● Assigned task
Your answer must be every line of the data that holds the string "lambda".

Collected data:
* * * * * * *

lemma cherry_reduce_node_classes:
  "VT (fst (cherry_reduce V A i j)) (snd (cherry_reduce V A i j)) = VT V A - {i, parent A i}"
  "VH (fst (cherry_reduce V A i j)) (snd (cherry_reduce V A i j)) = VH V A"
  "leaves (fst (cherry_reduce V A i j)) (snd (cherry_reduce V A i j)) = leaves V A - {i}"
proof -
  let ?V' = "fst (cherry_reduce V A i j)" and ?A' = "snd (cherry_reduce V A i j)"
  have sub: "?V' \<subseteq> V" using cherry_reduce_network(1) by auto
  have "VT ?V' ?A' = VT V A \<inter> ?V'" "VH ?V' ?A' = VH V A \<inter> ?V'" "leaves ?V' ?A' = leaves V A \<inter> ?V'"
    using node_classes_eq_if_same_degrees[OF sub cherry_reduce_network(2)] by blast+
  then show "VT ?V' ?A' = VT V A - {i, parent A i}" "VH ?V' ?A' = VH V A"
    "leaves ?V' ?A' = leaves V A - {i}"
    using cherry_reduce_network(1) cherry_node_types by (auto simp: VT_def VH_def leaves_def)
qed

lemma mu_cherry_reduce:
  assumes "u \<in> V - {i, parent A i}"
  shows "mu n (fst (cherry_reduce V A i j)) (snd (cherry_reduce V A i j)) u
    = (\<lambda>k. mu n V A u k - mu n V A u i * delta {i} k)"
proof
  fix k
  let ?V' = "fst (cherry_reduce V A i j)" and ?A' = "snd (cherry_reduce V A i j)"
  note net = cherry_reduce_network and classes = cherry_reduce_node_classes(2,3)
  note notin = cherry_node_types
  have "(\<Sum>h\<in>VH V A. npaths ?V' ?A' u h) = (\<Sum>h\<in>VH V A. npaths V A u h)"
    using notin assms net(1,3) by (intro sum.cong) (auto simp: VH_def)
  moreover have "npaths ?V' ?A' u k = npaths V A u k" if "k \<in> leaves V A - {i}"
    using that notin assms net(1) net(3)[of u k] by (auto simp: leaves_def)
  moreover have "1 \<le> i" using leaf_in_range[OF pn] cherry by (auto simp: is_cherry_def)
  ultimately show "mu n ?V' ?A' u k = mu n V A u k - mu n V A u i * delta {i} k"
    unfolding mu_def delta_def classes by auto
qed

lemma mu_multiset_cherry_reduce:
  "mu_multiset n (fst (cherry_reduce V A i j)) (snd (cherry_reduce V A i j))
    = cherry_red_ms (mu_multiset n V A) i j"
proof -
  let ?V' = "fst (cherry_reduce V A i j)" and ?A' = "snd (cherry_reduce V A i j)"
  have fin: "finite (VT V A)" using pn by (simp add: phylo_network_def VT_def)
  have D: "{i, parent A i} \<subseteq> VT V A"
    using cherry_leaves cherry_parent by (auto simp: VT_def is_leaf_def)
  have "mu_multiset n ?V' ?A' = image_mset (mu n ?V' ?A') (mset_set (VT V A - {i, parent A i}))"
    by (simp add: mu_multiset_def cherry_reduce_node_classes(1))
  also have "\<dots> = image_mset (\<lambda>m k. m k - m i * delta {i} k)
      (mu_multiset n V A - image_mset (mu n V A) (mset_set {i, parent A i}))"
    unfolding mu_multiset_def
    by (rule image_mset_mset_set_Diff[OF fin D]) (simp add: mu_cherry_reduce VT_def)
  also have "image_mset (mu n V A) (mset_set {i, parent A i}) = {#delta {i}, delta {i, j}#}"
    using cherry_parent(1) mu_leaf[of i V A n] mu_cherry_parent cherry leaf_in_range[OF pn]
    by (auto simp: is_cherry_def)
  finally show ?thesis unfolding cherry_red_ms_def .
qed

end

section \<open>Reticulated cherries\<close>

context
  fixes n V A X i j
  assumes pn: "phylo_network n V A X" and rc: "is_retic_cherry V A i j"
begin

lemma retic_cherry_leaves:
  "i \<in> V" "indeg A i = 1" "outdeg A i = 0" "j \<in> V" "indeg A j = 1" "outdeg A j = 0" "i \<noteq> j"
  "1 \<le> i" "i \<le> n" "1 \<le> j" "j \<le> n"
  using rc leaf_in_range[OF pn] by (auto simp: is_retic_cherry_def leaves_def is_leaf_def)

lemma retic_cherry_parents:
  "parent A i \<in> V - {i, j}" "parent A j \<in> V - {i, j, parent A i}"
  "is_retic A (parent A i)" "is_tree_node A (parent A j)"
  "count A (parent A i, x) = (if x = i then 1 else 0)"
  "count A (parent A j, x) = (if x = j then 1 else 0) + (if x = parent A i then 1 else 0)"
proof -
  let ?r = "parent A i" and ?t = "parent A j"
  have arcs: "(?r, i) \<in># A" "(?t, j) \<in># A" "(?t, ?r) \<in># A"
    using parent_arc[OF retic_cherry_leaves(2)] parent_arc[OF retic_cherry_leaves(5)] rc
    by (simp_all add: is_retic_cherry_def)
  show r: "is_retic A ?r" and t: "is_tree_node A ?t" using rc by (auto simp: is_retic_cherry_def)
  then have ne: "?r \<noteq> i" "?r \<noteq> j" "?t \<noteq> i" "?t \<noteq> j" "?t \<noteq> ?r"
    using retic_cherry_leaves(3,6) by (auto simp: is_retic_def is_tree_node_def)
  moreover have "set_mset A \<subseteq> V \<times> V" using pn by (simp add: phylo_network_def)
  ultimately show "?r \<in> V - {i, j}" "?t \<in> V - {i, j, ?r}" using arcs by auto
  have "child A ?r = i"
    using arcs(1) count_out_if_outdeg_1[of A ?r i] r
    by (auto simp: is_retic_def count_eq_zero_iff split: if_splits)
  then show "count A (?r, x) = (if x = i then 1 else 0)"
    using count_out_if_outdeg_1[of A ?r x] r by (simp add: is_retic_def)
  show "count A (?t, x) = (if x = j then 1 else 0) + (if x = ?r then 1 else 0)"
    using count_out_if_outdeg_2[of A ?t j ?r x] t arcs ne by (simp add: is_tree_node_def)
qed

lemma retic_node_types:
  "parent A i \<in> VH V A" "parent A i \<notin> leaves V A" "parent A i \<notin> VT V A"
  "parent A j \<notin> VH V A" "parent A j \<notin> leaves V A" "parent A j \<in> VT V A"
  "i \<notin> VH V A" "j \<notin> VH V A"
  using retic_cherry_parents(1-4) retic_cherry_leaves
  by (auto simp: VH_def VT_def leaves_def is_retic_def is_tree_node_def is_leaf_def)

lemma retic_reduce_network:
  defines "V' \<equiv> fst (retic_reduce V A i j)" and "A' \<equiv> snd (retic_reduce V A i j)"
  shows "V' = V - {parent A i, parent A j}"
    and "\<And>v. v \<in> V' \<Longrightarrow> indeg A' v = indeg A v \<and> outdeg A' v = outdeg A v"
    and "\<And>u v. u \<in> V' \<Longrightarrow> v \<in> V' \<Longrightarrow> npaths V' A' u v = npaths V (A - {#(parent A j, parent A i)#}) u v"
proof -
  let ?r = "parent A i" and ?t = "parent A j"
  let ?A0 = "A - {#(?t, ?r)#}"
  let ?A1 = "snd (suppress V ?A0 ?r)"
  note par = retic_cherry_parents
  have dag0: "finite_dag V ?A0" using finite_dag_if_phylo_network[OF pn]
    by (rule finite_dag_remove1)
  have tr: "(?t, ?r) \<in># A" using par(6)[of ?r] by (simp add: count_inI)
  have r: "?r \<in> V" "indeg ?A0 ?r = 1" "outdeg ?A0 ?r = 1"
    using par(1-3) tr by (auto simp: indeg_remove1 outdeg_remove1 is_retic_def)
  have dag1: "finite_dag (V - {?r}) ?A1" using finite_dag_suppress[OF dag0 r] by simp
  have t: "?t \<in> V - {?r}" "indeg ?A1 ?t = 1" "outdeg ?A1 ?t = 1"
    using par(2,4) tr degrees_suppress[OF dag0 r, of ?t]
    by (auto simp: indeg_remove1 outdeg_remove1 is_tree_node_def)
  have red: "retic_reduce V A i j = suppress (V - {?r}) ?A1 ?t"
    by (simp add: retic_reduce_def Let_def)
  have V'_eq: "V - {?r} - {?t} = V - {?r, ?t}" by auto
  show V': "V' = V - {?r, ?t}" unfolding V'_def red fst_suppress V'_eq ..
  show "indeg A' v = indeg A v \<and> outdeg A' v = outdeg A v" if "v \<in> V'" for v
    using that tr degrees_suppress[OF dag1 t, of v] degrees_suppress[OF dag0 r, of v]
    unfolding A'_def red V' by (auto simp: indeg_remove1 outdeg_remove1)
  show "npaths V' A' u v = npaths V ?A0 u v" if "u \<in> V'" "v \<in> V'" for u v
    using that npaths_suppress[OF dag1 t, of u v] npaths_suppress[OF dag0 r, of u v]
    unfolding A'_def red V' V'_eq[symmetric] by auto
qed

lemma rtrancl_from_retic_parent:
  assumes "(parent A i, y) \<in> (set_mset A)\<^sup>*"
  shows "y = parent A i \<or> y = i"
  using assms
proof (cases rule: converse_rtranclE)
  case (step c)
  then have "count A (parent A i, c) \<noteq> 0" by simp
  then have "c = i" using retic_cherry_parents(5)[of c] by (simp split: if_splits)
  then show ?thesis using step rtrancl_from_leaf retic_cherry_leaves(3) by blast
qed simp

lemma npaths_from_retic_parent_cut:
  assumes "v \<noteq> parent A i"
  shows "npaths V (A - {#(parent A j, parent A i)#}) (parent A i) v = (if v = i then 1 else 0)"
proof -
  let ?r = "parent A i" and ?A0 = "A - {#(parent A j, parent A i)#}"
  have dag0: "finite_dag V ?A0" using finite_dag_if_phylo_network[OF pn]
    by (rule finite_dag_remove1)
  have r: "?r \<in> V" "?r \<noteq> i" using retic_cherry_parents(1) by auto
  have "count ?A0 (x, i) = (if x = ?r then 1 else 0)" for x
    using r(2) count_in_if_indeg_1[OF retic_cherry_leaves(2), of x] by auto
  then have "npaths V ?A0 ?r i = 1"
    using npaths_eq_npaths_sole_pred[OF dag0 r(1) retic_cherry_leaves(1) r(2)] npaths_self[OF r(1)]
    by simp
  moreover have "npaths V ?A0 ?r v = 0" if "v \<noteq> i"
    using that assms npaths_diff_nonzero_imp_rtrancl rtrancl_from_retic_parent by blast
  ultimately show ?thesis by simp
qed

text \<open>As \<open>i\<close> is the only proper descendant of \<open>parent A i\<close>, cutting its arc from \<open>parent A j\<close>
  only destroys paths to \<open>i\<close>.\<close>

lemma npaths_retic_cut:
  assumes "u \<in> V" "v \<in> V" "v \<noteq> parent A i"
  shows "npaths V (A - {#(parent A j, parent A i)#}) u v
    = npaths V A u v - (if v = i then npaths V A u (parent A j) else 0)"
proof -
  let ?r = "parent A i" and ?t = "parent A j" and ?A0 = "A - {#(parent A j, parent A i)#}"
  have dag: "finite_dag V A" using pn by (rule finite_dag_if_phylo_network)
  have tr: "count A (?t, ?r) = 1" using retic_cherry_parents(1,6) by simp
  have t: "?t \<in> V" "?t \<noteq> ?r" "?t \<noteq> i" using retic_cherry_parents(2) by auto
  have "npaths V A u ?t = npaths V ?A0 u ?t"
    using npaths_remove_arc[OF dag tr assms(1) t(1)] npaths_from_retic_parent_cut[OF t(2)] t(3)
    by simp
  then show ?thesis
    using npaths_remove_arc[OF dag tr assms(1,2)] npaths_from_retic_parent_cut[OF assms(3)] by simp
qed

* * * * * * *

● Answer to the exercise
    = (\<lambda>k. mu n V A u k - mu n V A u i * delta {i} k)"
  also have "\<dots> = image_mset (\<lambda>m k. m k - m i * delta {i} k)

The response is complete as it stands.